WASHINGTON, DC - JANUARY 06: Supporters of U.S. President Donald Trump fly a U.S. flag with a symbol from the group QAnon as they gather outside the U.S. Capitol January 06, 2021 in Washington, DC.
Photo: Win McNamee (Getty Images)

As the tragic events of January 6th, 2021 played out in glaring clarity on our televisions, laptops, and phones, it became remarkably obvious how disparate the goals were of the separate groups involved. Some of the insurrectionists seemed more than happy to wave TRUMP 2020 flags and snap selfies in the Capitol, while others carried out what appeared to be paramilitary maneuvers and, in their communications, were disturbingly organized and focused in carrying out murderous attacks.
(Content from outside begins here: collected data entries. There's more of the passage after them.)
lemma dense_in_circle_signs_realisable:
  assumes W: "dense_in_circle W" and "finite S"
    and unit: "\<And>a b. (a, b) \<in> S \<Longrightarrow> norm a = 1 \<and> norm b = 1"
    and signs: "\<And>a b c d. (a, b) \<in> S \<Longrightarrow> (c, d) \<in> S \<Longrightarrow> sgn (wedge a c) = sgn (wedge b d)"
    and nondeg: "\<And>a b c d. (a, b) \<in> S \<Longrightarrow> (c, d) \<in> S \<Longrightarrow> (a, b) \<noteq> (c, d) \<Longrightarrow> wedge a c \<noteq> 0"
    and "norm z = 1" and z: "\<And>a b. (a, b) \<in> S \<Longrightarrow> wedge z a \<noteq> 0"
  shows "\<exists>w \<in> W. \<forall>(a, b) \<in> S. sgn (wedge w b) = sgn (wedge z a)"
proof -
  have "\<exists>p. norm p = 1 \<and> (\<forall>(a, b) \<in> S. sgn (wedge p b) = sgn (wedge z a))"
    using assms(2-7) by (rule signs_realisable)
  then obtain p where p: "norm p = 1" "\<forall>(a, b) \<in> S. sgn (wedge p b) = sgn (wedge z a)"
    by blast
  text \<open>The sign conditions define an open set, which meets the dense set W since it contains p.\<close>
  define V where "V = (\<Inter>p \<in> S. {q. 0 < sgn (wedge z (fst p)) * wedge q (snd p)})"
  have "open V"
    unfolding V_def wedge_eq using \<open>finite S\<close>
    by (intro open_INT ballI open_Collect_less continuous_intros) auto
  moreover have "p \<in> V"
    using p(2) z by (auto simp: V_def sgn_mult_pos_iff)
  moreover have "p \<in> closure W"
    using W p(1) unfolding dense_in_circle_def by auto
  ultimately obtain w where "w \<in> V" "w \<in> W"
    using open_Int_closure_eq_empty by blast
  then show ?thesis using z by (force simp: V_def sgn_mult_pos_iff)
qed

lemma dense_in_circle_extend:
  assumes Z: "dense_in_circle Z" and W: "dense_in_circle W"
    and "finite S" "S \<subseteq> Z \<times> W" "partial_iso larrow S" "z \<in> Z"
  shows "\<exists>w \<in> W. partial_iso larrow (insert (z, w) S)"
proof (cases "z \<in> Domain S")
  case True
  then obtain w where "(z, w) \<in> S" by blast
  moreover have "w \<in> W" using calculation \<open>S \<subseteq> Z \<times> W\<close> by blast
  ultimately show ?thesis using assms(5) by (intro bexI[of _ w]) (simp_all add: insert_absorb)
next
  case False
  have mem: "a \<in> Z \<and> b \<in> W" if "(a, b) \<in> S" for a b
    using that \<open>S \<subseteq> Z \<times> W\<close> by blast
  have unit: "norm a = 1 \<and> norm b = 1" if "(a, b) \<in> S" for a b
    using mem[OF that] dense_in_circle_norm[OF Z] dense_in_circle_norm[OF W] by blast
  have signs: "sgn (wedge a c) = sgn (wedge b d)" if "(a, b) \<in> S" "(c, d) \<in> S" for a b c d
    using partial_iso_iff_sgn_wedge[OF Z W \<open>S \<subseteq> Z \<times> W\<close>] assms(5) that by fast
  have "wedge a c \<noteq> 0" if "(a, b) \<in> S" "(c, d) \<in> S" "(a, b) \<noteq> (c, d)" for a b c d
    using partial_isoD[OF assms(5) that(1,2)] that mem[OF that(1)] mem[OF that(2)]
      sgn_wedge_dense_in_circle[OF Z, of a c] by (auto split: if_splits)
  moreover have "wedge z a \<noteq> 0" if "(a, b) \<in> S" for a b
    using that False \<open>z \<in> Z\<close> mem[OF that] sgn_wedge_dense_in_circle[OF Z, of z a]
    by (auto split: if_splits)
  ultimately have "\<exists>w \<in> W. \<forall>(a, b) \<in> S. sgn (wedge w b) = sgn (wedge z a)"
    using dense_in_circle_signs_realisable[OF W \<open>finite S\<close> unit signs] dense_in_circle_norm[OF Z \<open>z \<in> Z\<close>]
    by blast
  then obtain w where "w \<in> W" "\<forall>(a, b) \<in> S. sgn (wedge w b) = sgn (wedge z a)" by blast
  then have "partial_iso larrow (insert (z, w) S)"
    using partial_iso_iff_sgn_wedge[OF Z W] \<open>S \<subseteq> Z \<times> W\<close> \<open>z \<in> Z\<close> signs
      wedge_swap[of z] wedge_swap[of w] by (auto simp: sgn_minus)
  with \<open>w \<in> W\<close> show ?thesis by blast
qed

lemma dense_in_circle_nonempty: "dense_in_circle Z \<Longrightarrow> Z \<noteq> {}"
  unfolding dense_in_circle_def by (metis closure_empty empty_iff mem_sphere_0 norm_one subset_empty)

lemma dense_in_circle_iso_extension:
  assumes Z: "dense_in_circle Z" "countable Z" and W: "dense_in_circle W" "countable W"
    and "finite A" "A \<subseteq> Z" "f ` A \<subseteq> W" "inj_on f A"
    and "\<forall>x \<in> A. \<forall>y \<in> A. larrow x y \<longleftrightarrow> larrow (f x) (f y)"
  shows "\<exists>h. bij_betw h Z W \<and> (\<forall>x \<in> Z. \<forall>y \<in> Z. larrow x y \<longleftrightarrow> larrow (h x) (h y)) \<and>
    (\<forall>x \<in> A. h x = f x)"
proof -
  have "\<exists>h. bij_betw h Z W \<and> (\<forall>x \<in> Z. \<forall>y \<in> Z. larrow x y \<longleftrightarrow> larrow (h x) (h y)) \<and>
    (\<forall>(a, b) \<in> (\<lambda>x. (x, f x)) ` A. h a = b)"
  proof (rule back_and_forth)
    show "Z \<noteq> {}" "W \<noteq> {}" using Z W dense_in_circle_nonempty by auto
  next
    fix S x assume "finite S" "S \<subseteq> Z \<times> W" "partial_iso larrow S" "x \<in> Z"
    then show "\<exists>y \<in> W. partial_iso larrow (insert (x, y) S)"
      by (rule dense_in_circle_extend[OF Z(1) W(1)])
  next
    fix S y assume "finite S" "S \<subseteq> Z \<times> W" "partial_iso larrow S" "y \<in> W"
    then have "finite (converse S)" "converse S \<subseteq> W \<times> Z" "partial_iso larrow (converse S)"
      using partial_iso_converse by auto
    then obtain x where "x \<in> Z" "partial_iso larrow (insert (y, x) (converse S))"
      using dense_in_circle_extend[OF W(1) Z(1)] \<open>y \<in> W\<close> by blast
    moreover have "converse (insert (y, x) (converse S)) = insert (x, y) S" by auto
    ultimately show "\<exists>x \<in> Z. partial_iso larrow (insert (x, y) S)"
      using partial_iso_converse by metis
  qed (use assms in \<open>auto simp: partial_iso_graph\<close>)
  then show ?thesis by auto
qed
Among them were adherents of the conspiracy theory phenomenon QAnon, an online movement that has grown exponentially in reach and influence, to the point of being tacitly endorsed by former President Donald Trump and Marjorie Taylor Greene, a sitting member of Congress who has championed a wide swath of bizarre beliefs. Their tenets are almost incomprehensible because of the decentralized nature of the constantly expanding narrative. As members have been encouraged to scour the news and media for hidden symbols that serve as “proof” of a larger conspiracy, the plot has twisted and, depending upon the teller, includes an international plan to abuse children, control politics and economics, enslave humankind, serve alien invasions, involve malevolent time travel, and a building apocalyptic war in which the forces of Good and Evil would finally clash to determine the future.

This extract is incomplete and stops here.